Ao meu redor, na comunidade artística, todos partilhamos os mesmos sentimentos de incerteza, de receio, face ao tom e ao discurso que surgiram. As mulheres, particularmente, o assunto dessa canção, são as mais afetadas pela chegada de Trump. Eu escrevi essa música antes do início das grandes marchas, que pareciam inevitáveis. Esta retórica de ódio não é digna de um chefe de Estado. O dia após a eleição foi um dos dias mais difíceis de minha vida. Eu ainda falo sobre isso com os outros em estúdio. Durante meses nós não falamos de nada que não fosse isso, do que iria acontecer conosco, com profundidade. Nós líamos tudo, eu queria estar informada e ver se poderia fazer algo a respeito. Infelizmente, não tinha nada além de minha convicção a oferecer.

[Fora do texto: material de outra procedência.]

text \<open>Let \<open>\<delta>\<close> generate the left ideal \<open>H122 p + H122 \<alpha>\<close>, so \<open>N(\<delta>)\<close> divides \<open>p\<^sup>2\<close>. If
  \<open>N(\<delta>) = p\<^sup>2\<close> then \<open>p = u \<delta>\<close> with \<open>u\<close> a unit, so \<open>\<alpha>\<close> is a multiple of \<open>\<delta>\<close> and hence of \<open>p\<close>.
  If \<open>N(\<delta>) = 1\<close> then \<open>\<delta>\<close> is a unit and \<open>conj \<alpha> = conj \<delta> \<delta> conj \<alpha>\<close> is a multiple of \<open>p\<close>
  because \<open>\<alpha> conj \<alpha> = N(\<alpha>)\<close> is.\<close>
lemma prime_norm_element_if_dvd_qnorm:
  assumes "prime p" "\<alpha> \<in> H122" "qnorm \<alpha> = real p * of_int k"
    and not_mult: "\<And>R. R \<in> H122 \<Longrightarrow> \<alpha> \<noteq> qreal (real p) * R"
  obtains \<delta> where "\<delta> \<in> H122" "qnorm \<delta> = real p"
proof -
  define P where "P = qreal (real p)"
  have "P \<in> H122" "P \<noteq> 0"
    using H122_qreal_of_nat prime_gt_0_nat[OF assms(1)] by (simp_all add: P_def)
  have \<alpha>_qconj: "\<alpha> * qconj \<alpha> = qreal (of_int k) * P"
    using assms(3) by (simp add: mult_qconj P_def qreal_mult[symmetric] mult.commute)
  obtain \<delta> \<xi> \<eta> u w where \<delta>: "\<delta> = \<xi> * P + \<eta> * \<alpha>" "P = u * \<delta>" "\<alpha> = w * \<delta>"
    and H: "\<xi> \<in> H122" "\<eta> \<in> H122" "u \<in> H122" "w \<in> H122"
    using H122_right_gcd[OF assms(2) \<open>P \<in> H122\<close> \<open>P \<noteq> 0\<close>] by blast
  have "\<delta> \<in> H122"
    using \<delta>(1) H assms(2) \<open>P \<in> H122\<close> by (simp add: H122_add H122_mult)
  moreover have "qnorm u * qnorm \<delta> = real p ^ 2"
    using arg_cong[OF \<delta>(2), of qnorm] by (simp add: P_def qnorm_mult)
  ultimately consider "qnorm u = 1" | "qnorm \<delta> = real p" | "qnorm \<delta> = 1"
    using qnorm_factors_of_prime_square[OF assms(1) \<open>u \<in> H122\<close>] by blast
  then show thesis
  proof cases
    case 1
    have "\<alpha> = w * ((qconj u * u) * \<delta>)"
      using 1 \<delta>(3) by (simp add: qconj_mult_self)
    also have "\<dots> = (w * qconj u) * P"
      by (simp add: \<delta>(2) mult.assoc)
    also have "\<dots> = P * (w * qconj u)"
      unfolding P_def by (rule qreal_commute[symmetric])
    finally have "\<alpha> = P * (w * qconj u)" .
    moreover have "w * qconj u \<in> H122"
      using H by (simp add: H122_mult H122_qconj)
    ultimately show ?thesis
      using not_mult P_def by blast
  next
    case 2
    then show ?thesis
      using that \<open>\<delta> \<in> H122\<close> by blast
  next
    case 3
    define R where "R = qconj \<delta> * (\<xi> * qconj \<alpha> + \<eta> * qreal (of_int k))"
    have "qconj \<alpha> = qconj \<delta> * \<delta> * qconj \<alpha>"
      using 3 by (simp add: qconj_mult_self)
    also have "\<dots> = qconj \<delta> * (\<xi> * (P * qconj \<alpha>) + \<eta> * (\<alpha> * qconj \<alpha>))"
      by (simp add: \<delta>(1) algebra_simps)
    also have "\<dots> = R * P"
      unfolding \<alpha>_qconj R_def P_def qreal_commute[of _ "qconj \<alpha>"] by (simp add: algebra_simps)
    finally have "\<alpha> = P * qconj R"
      by (metis P_def qconj_mult qconj_qconj qconj_qreal)
    moreover have "qconj R \<in> H122"
      unfolding R_def using H \<open>\<delta> \<in> H122\<close> assms(2)
      by (intro H122_mult H122_add H122_qconj H122_qreal_of_int)
    ultimately show ?thesis
      using not_mult P_def by blast
  qed
qed

lemma H122_element_of_prime_norm:
  assumes "prime p"
  obtains \<delta> where "\<delta> \<in> H122" "qnorm \<delta> = real p"
proof -
  obtain X Y k :: int where k: "X\<^sup>2 + Y\<^sup>2 + 1 = int p * k"
    using prime_dvd_sum_two_squares_plus_one[of "int p"] assms by (auto elim!: dvdE)
  \<comment> \<open>\<open>\<alpha> = X + Y i + (j + k) / sqrt 2\<close>\<close>
  define \<alpha> where "\<alpha> = qlin (X - 1) (Y - 1) 1 1"
  have "qnorm \<alpha> = real p * of_int k"
    unfolding \<alpha>_def qnorm_qlin using arg_cong[OF k, of real_of_int]
    by (simp add: power2_eq_square algebra_simps)
  moreover have "\<alpha> \<noteq> qreal (real p) * R" if "R \<in> H122" for R
  proof -
    have "Im2 \<alpha> = sqrt 2 / 2"
      by (simp add: \<alpha>_def qlin_eq_Quat)
    then show ?thesis
      using Im2_qreal_times_H122_ne[OF prime_ge_2_nat[OF assms] that] by metis
  qed
  ultimately show thesis
    using prime_norm_element_if_dvd_qnorm[OF assms qlin_in_H122] that \<alpha>_def by blast
qed

lemma not_H_prime_qreal_prime_times:
  assumes "prime p" "u \<in> H122"
  shows "\<not> H_prime (qreal (real p) * u)"
proof
  assume prime: "H_prime (qreal (real p) * u)"
  then have "u \<noteq> 0"
    by (auto simp: H_prime_def)
  obtain \<delta> where \<delta>: "\<delta> \<in> H122" "qnorm \<delta> = real p"
    using H122_element_of_prime_norm[OF assms(1)] by blast
  have "qreal (real p) * u = \<delta> * (qconj \<delta> * u)"
    using \<delta>(2) by (simp add: mult.assoc[symmetric] mult_qconj)
  moreover have "qconj \<delta> * u \<in> H122"
    using \<delta>(1) assms(2) by (simp add: H122_mult H122_qconj)
  ultimately have "H_unit \<delta> \<or> H_unit (qconj \<delta> * u)"
    using prime \<delta>(1) by (auto simp: H_prime_def qmul_eq_times)
  moreover have "qnorm (qconj \<delta> * u) \<noteq> 1"
  proof -
    have "real p * 1 \<le> real p * qnorm u"
      using qnorm_H122_ge_1[OF assms(2) \<open>u \<noteq> 0\<close>] by (intro mult_left_mono) auto
    moreover have "qnorm (qconj \<delta> * u) = real p * qnorm u"
      using \<delta>(2) by (simp add: qnorm_mult)
    moreover have "real p > 1"
      using prime_gt_1_nat[OF assms(1)] by simp
    ultimately show ?thesis
      by linarith
  qed
  ultimately show False
    using \<delta> assms prime_gt_1_nat[OF assms(1)] H_unit_iff_qnorm_eq_1 \<open>qconj \<delta> * u \<in> H122\<close> by auto
qed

Você tweetou receitas de feitiçaria para se livrar de Trump…
Foi uma brincadeira. Eu tinha lido que as bruxas do mundo inteiro tentariam se unir em datas e horários específicos para lançar um feitiço contra Trump, eu apenas entrei em sintonia. Mas o que é verdade é que meus novos vídeos contêm referências à magia, às ciências ocultas. Com seu lado mais lúdico, menos sombrio. Conheço pessoas que podem conversar com o além. Minha música está relacionada a fantasmas. Mas não eu.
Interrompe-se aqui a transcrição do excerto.